ラグラム・ラジャン:17-18世紀に似ている

元インド中央銀行総裁 ラグラム・ラジャン教授が、トランプ大統領の関税導入の論理矛盾を冷静に解説している。
あわせて誤った対応を採る貿易相手国にチクリとやっている。


刺激策によって総需要が上昇し、ほぼ完全雇用に近い労働市場によって生産能力が制限されていることを前提とすれば、(総需要の増分は)外国の財に向かう。
それが貿易赤字を変化させ、その方向は政権が現在求めているのとは逆方向だ。

ラジャン教授はCNBCで、トランプ政権の言うこととやることが逆を向いていると指摘する。
トランプ政権は減税や財政支出によって、すでに好景気にある米経済をさらに吹かそうとしている。
一方で米国は完全雇用に近く、短期的には供給力は増えない。
だから、消費・投資の増分の大半は輸入によって満たされるしかない。
これが貿易赤字を悪化させる。

一方で、トランプ大統領は(表向きには安全保障を理由に)鉄鋼・アルミに関税を課そうとしている。
貿易不均衡を改善したいなら自国の経済政策を見直すべきなのに、責任を外国に押しつけている構図だ。
これが、世界中から非難を浴びる原因になる。


米国の貿易相手国は、ある者は米国を非難し、ある者は米国に擦り寄っている。
後者の行動について、ラジャン教授は1980年代ではなく17-18世紀に似ているという。
皇帝が勅令を出すと属国がお目こぼしを頼みに陳情にやって来る構図だ。

「各国は陳情団を送ってきている。
ある国はゴルファーを送ってきて、米政権に翻意を促している。
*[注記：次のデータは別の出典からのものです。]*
(* Write y = X_t and x = X_{t-1}.  Since pi^+ is an indicator, f(x, y) is simply
   1_{R+}(x) * (y - x): the log-gain of holding the asset exactly when the drift mu(x)
   is positive.

   A measure nu is stationary for a random step
      F(z, e) driven by noise E if distr (nu x E) F = nu (locale stationary_chain).
      Then integrals and masses under nu can be computed after one step, and a
      Foster-Lyapunov drift inequality  E[V(F(z, .))] <= rho V(z) + C  with rho < 1
      forces V to be nu-integrable.
   2. The chain Phi_t.  The invariance hypothesis makes nu stationary for the step
      phi_step; (A3) gives the linear growth bound |y + mu y| <= rho |y| + C and (A4)
      a finite first moment of the noise, so V(z) = |snd z| is a Lyapunov function
      and mu(X_t) is nu-integrable.
   3. The theorem.  One step of the chain turns f into 1_{R+}(y) (mu y + sigma y e);
      the noise is centred, so nu(f) = nu(1_{R+}(y) mu y).  This integrand is
      nonnegative and positive on {y in R+}, which has positive nu-mass because the
      noise density is positive everywhere and R+ has positive Lebesgue measure. *)

lemma integrable_of_exp_square_moment:
  fixes E :: "real measure" and \<kappa> :: real
  assumes "finite_measure E" and sets_E: "sets E = sets borel" and \<kappa>: "0 < \<kappa>"
    and exp_moment: "(\<integral>\<^sup>+ e. ennreal (exp (\<kappa> * e\<^sup>2)) \<partial>E) < \<infinity>"
  shows "integrable E (\<lambda>e. e)"
proof -
  interpret finite_measure E by fact
  have E_meas: "\<And>N. measurable E N = measurable borel N"
    by (intro measurable_cong_sets refl sets_E)
  have pointwise: "\<bar>e\<bar> \<le> 1 + (1/\<kappa>) * exp (\<kappa> * e\<^sup>2)" for e :: real
  proof -
    have "\<bar>e\<bar> \<le> 1 + e\<^sup>2"
    proof (cases "\<bar>e\<bar> \<le> 1")
      case False
      then have "\<bar>e\<bar> * 1 \<le> \<bar>e\<bar> * \<bar>e\<bar>" by (intro mult_left_mono) auto
      then show ?thesis by (simp add: power2_eq_square)
    qed (smt (verit) zero_le_power2)
    moreover have "\<kappa> * e\<^sup>2 \<le> exp (\<kappa> * e\<^sup>2)"
      using exp_ge_add_one_self[of "\<kappa> * e\<^sup>2"] by linarith
    then have "e\<^sup>2 \<le> (1/\<kappa>) * exp (\<kappa> * e\<^sup>2)"
      using \<kappa> by (simp add: field_simps)
    ultimately show ?thesis by linarith
  qed
  have "(\<integral>\<^sup>+ e. ennreal (norm e) \<partial>E) \<le> (\<integral>\<^sup>+ e. 1 + ennreal (1/\<kappa>) * ennreal (exp (\<kappa> * e\<^sup>2)) \<partial>E)"
  proof (intro nn_integral_mono)
    fix e :: real
    have "ennreal (norm e) \<le> ennreal (1 + (1/\<kappa>) * exp (\<kappa> * e\<^sup>2))"
      using pointwise[of e] by (intro ennreal_leI) simp
    also have "\<dots> = 1 + ennreal (1/\<kappa>) * ennreal (exp (\<kappa> * e\<^sup>2))"
      using \<kappa> by (simp add: ennreal_mult[symmetric])
    finally show "ennreal (norm e) \<le> 1 + ennreal (1/\<kappa>) * ennreal (exp (\<kappa> * e\<^sup>2))" .
  qed
  also have "\<dots> = emeasure E (space E) + ennreal (1/\<kappa>) * (\<integral>\<^sup>+ e. ennreal (exp (\<kappa> * e\<^sup>2)) \<partial>E)"
    by (subst nn_integral_add) (auto simp: E_meas nn_integral_cmult)
  also have "\<dots> < \<infinity>"
    using exp_moment by (simp add: less_top[symmetric] ennreal_mult_eq_top_iff)
  finally show ?thesis
    unfolding integrable_iff_bounded by (simp add: E_meas)
qed

(* Assumptions (A2) and (A3) on the drift: the map y |-> y + mu y grows at most
   linearly with a slope rho < 1 (outside a compact set by (A3), on it by (A2)). *)
lemma linear_growth_of_contracting_drift:
  fixes \<mu> :: "real \<Rightarrow> real"
  assumes loc_bdd: "\<And>K. compact K \<Longrightarrow> bounded (\<mu> ` K)"
    and contracting: "Limsup at_infinity (\<lambda>x. ereal (\<bar>x + \<mu> x\<bar> / \<bar>x\<bar>)) < 1"
  obtains \<rho> C where "0 \<le> \<rho>" "\<rho> < 1" "0 \<le> C" "\<And>y. \<bar>y + \<mu> y\<bar> \<le> \<rho> * \<bar>y\<bar> + C"
proof -
  obtain r where r: "Limsup at_infinity (\<lambda>x. ereal (\<bar>x + \<mu> x\<bar> / \<bar>x\<bar>)) < ereal r" "r < 1"
    using ereal_dense2[OF contracting] by auto
  define \<rho> where "\<rho> = max r (1/2)"
  have \<rho>: "0 \<le> \<rho>" "\<rho> < 1" using r(2) by (auto simp: \<rho>_def)
  have "\<forall>\<^sub>F x in at_infinity. ereal (\<bar>x + \<mu> x\<bar> / \<bar>x\<bar>) < ereal r"
    by (rule Limsup_lessD[OF r(1)])
  then obtain b where b: "\<And>x::real. b \<le> norm x \<Longrightarrow> \<bar>x + \<mu> x\<bar> / \<bar>x\<bar> < r"
    unfolding eventually_at_infinity by auto
  define R where "R = max b 1"
  have "bounded (\<mu> ` cball 0 R)" by (rule loc_bdd) simp
  then obtain M where M: "\<And>x. \<bar>x\<bar> \<le> R \<Longrightarrow> \<bar>\<mu> x\<bar> \<le> M"
    unfolding bounded_iff by fastforce
  have "\<bar>\<mu> 0\<bar> \<le> M" by (rule M) (simp add: R_def)
  then have M0: "0 \<le> M" by linarith
  show ?thesis
  proof (rule that[OF \<rho>, of "R + M"])
    show "0 \<le> R + M" using M0 by (simp add: R_def)
    fix y :: real
    show "\<bar>y + \<mu> y\<bar> \<le> \<rho> * \<bar>y\<bar> + (R + M)"
    proof (cases "\<bar>y\<bar> \<le> R")
      case True
      then show ?thesis using M[OF True] \<rho>(1) by (smt (verit) mult_nonneg_nonneg abs_ge_zero)
    next
      case False
      then have y: "b \<le> norm y" "0 < \<bar>y\<bar>" by (auto simp: R_def)
      have "\<bar>y + \<mu> y\<bar> < r * \<bar>y\<bar>" using b[OF y(1)] y(2) by (simp add: divide_less_eq)
      moreover have "r * \<bar>y\<bar> \<le> \<rho> * \<bar>y\<bar>" by (intro mult_right_mono) (auto simp: \<rho>_def)
      ultimately show ?thesis using M0 by (simp add: R_def)
    qed
  qed
qed

lemma emeasure_distr_step:
  assumes "sigma_finite_measure E" and F: "F \<in> M \<Otimes>\<^sub>M E \<rightarrow>\<^sub>M N" and A: "A \<in> sets N"
  shows "emeasure (distr (M \<Otimes>\<^sub>M E) N F) A = (\<integral>\<^sup>+ z. emeasure E {e \<in> space E. F (z, e) \<in> A} \<partial>M)"
proof -
  interpret E: sigma_finite_measure E by fact
  have "emeasure (distr (M \<Otimes>\<^sub>M E) N F) A = emeasure (M \<Otimes>\<^sub>M E) (F -` A \<inter> space (M \<Otimes>\<^sub>M E))"
    using F A by (simp add: emeasure_distr)
  also have "\<dots> = (\<integral>\<^sup>+ z. emeasure E (Pair z -` (F -` A \<inter> space (M \<Otimes>\<^sub>M E))) \<partial>M)"
    using F A by (intro E.emeasure_pair_measure_alt measurable_sets)
  also have "\<dots> = (\<integral>\<^sup>+ z. emeasure E {e \<in> space E. F (z, e) \<in> A} \<partial>M)"
    by (intro nn_integral_cong arg_cong[where f="emeasure E"]) (auto simp: space_pair_measure)
  finally show ?thesis .
qed

locale stationary_chain = N: prob_space \<nu> + E: prob_space E
  for \<nu> :: "'a measure" and E :: "'b measure" and F :: "'a \<times> 'b \<Rightarrow> 'a" +
  assumes step_measurable[measurable]: "F \<in> \<nu> \<Otimes>\<^sub>M E \<rightarrow>\<^sub>M \<nu>"
    and stationary: "distr (\<nu> \<Otimes>\<^sub>M E) \<nu> F = \<nu>"
begin

sublocale P: pair_prob_space \<nu> E ..

lemma stationary_integral:
  fixes h :: "'a \<Rightarrow> real"
  assumes h[measurable]: "h \<in> borel_measurable \<nu>" and hF: "integrable (\<nu> \<Otimes>\<^sub>M E) (\<lambda>p. h (F p))"
  shows "integrable \<nu> h" and "(\<integral>z. h z \<partial>\<nu>) = (\<integral>z. (\<integral>e. h (F (z, e)) \<partial>E) \<partial>\<nu>)"
proof -
  show "integrable \<nu> h"
    using integrable_distr_eq[OF step_measurable h] hF by (simp add: stationary)
  have "(\<integral>z. h z \<partial>\<nu>) = (\<integral>p. h (F p) \<partial>(\<nu> \<Otimes>\<^sub>M E))"
    using integral_distr[OF step_measurable h] by (simp add: stationary)
  also have "\<dots> = (\<integral>z. (\<integral>e. h (F (z, e)) \<partial>E) \<partial>\<nu>)"
    using P.integral_fst'[OF hF] by simp
  finally show "(\<integral>z. h z \<partial>\<nu>) = (\<integral>z. (\<integral>e. h (F (z, e)) \<partial>E) \<partial>\<nu>)" .
qed

lemma emeasure_pos_if_reachable:
  assumes A[measurable]: "A \<in> sets \<nu>"
    and reach: "\<And>z. z \<in> space \<nu> \<Longrightarrow> 0 < emeasure E {e \<in> space E. F (z, e) \<in> A}"
  shows "0 < emeasure \<nu> A"
proof (rule ccontr)
  let ?k = "\<lambda>z. emeasure E {e \<in> space E. F (z, e) \<in> A}"
  assume "\<not> 0 < emeasure \<nu> A"
  then have "(\<integral>\<^sup>+ z. ?k z \<partial>\<nu>) = 0"
    using emeasure_distr_step[OF E.sigma_finite_measure_axioms step_measurable A]
    by (simp add: stationary)
  moreover have "?k \<in> borel_measurable \<nu>" by measurable
  ultimately have "AE z in \<nu>. ?k z = 0" by (simp add: nn_integral_0_iff_AE)
  then have "AE z in \<nu>. False"
    by (rule AE_mp) (rule AE_I2, auto dest: reach)
  then show False by (simp add: N.AE_False)
qed

(* The drift inequality for V transfers to the truncations min V n, which are
   bounded and hence integrable. *)
lemma truncated_drift:
  fixes V :: "'a \<Rightarrow> real" and \<rho> C :: real and n :: nat
  assumes V_meas[measurable]: "V \<in> borel_measurable \<nu>" and V_nonneg: "\<And>z. 0 \<le> V z"
    and \<rho>: "0 \<le> \<rho>" and C: "0 \<le> C"
    and VF_int: "\<And>z. z \<in> space \<nu> \<Longrightarrow> integrable E (\<lambda>e. V (F (z, e)))"
    and drift: "\<And>z. z \<in> space \<nu> \<Longrightarrow> (\<integral>e. V (F (z, e)) \<partial>E) \<le> \<rho> * V z + C"
  shows "(\<integral>z. min (V z) n \<partial>\<nu>) \<le> (\<integral>z. min (\<rho> * V z + C) n \<partial>\<nu>)"
proof -
  have trunc_int: "integrable (\<nu> \<Otimes>\<^sub>M E) (\<lambda>p. min (V (F p)) n)"
    by (rule P.integrable_const_bound[where B=n]) (auto simp: V_nonneg)
  have "(\<integral>z. min (V z) n \<partial>\<nu>) = (\<integral>z. (\<integral>e. min (V (F (z, e))) n \<partial>E) \<partial>\<nu>)"
    using stationary_integral(2)[OF _ trunc_int] by simp
  also have "\<dots> \<le> (\<integral>z. min (\<rho> * V z + C) n \<partial>\<nu>)"
  proof (rule integral_mono_AE)
    show "integrable \<nu> (\<lambda>z. \<integral>e. min (V (F (z, e))) n \<partial>E)"
      using P.integrable_fst'[OF trunc_int] by simp
    show "integrable \<nu> (\<lambda>z. min (\<rho> * V z + C) n)"
      by (rule N.integrable_const_bound[where B=n]) (auto simp: V_nonneg \<rho> C)
    show "AE z in \<nu>. (\<integral>e. min (V (F (z, e))) n \<partial>E) \<le> min (\<rho> * V z + C) n"
    proof (rule AE_I2)
      fix z assume z: "z \<in> space \<nu>"
      have trunc_E: "integrable E (\<lambda>e. min (V (F (z, e))) n)"
        by (rule E.integrable_const_bound[where B=n]) (use z in \<open>auto simp: V_nonneg\<close>)
      have "(\<integral>e. min (V (F (z, e))) n \<partial>E) \<le> (\<integral>e. V (F (z, e)) \<partial>E)"
        by (rule integral_mono[OF trunc_E VF_int[OF z]]) simp
      moreover have "(\<integral>e. min (V (F (z, e))) n \<partial>E) \<le> (\<integral>e. real n \<partial>E)"
        by (rule integral_mono[OF trunc_E]) auto
      ultimately show "(\<integral>e. min (V (F (z, e))) n \<partial>E) \<le> min (\<rho> * V z + C) n"
        using drift[OF z] by (simp add: E.prob_space)
    qed
  qed
  finally show ?thesis .
qed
」

耳が痛い話だ。
ラジャン教授は、こうしたやり方が国際システムを機能させるやり方ではないと批判する。
そして、現在の日本の政治スキャンダルを語るかのような原則論を述べている。

「国際システムとはルールに基づき、透明性を保ちつつ機能すべきであり、極めて属人的な交渉によってなされるべきではない。
米国へ向けられる批判はとても妥当なものだ。
(働きかけは)さらに悪い結果に結びつくやり方ではなく、よりよいやり方で行うべきだ。」

米国の双子の赤字はどう対処すればいいのか。
ラジャン教授は関税以外に集中すべき定石があると言う。

「米国は製造業のある分野では信じられないほど強い。
信じられないほど強いサービス分野がある。
しかし、古いレガシーの製造業はそれほどでもない。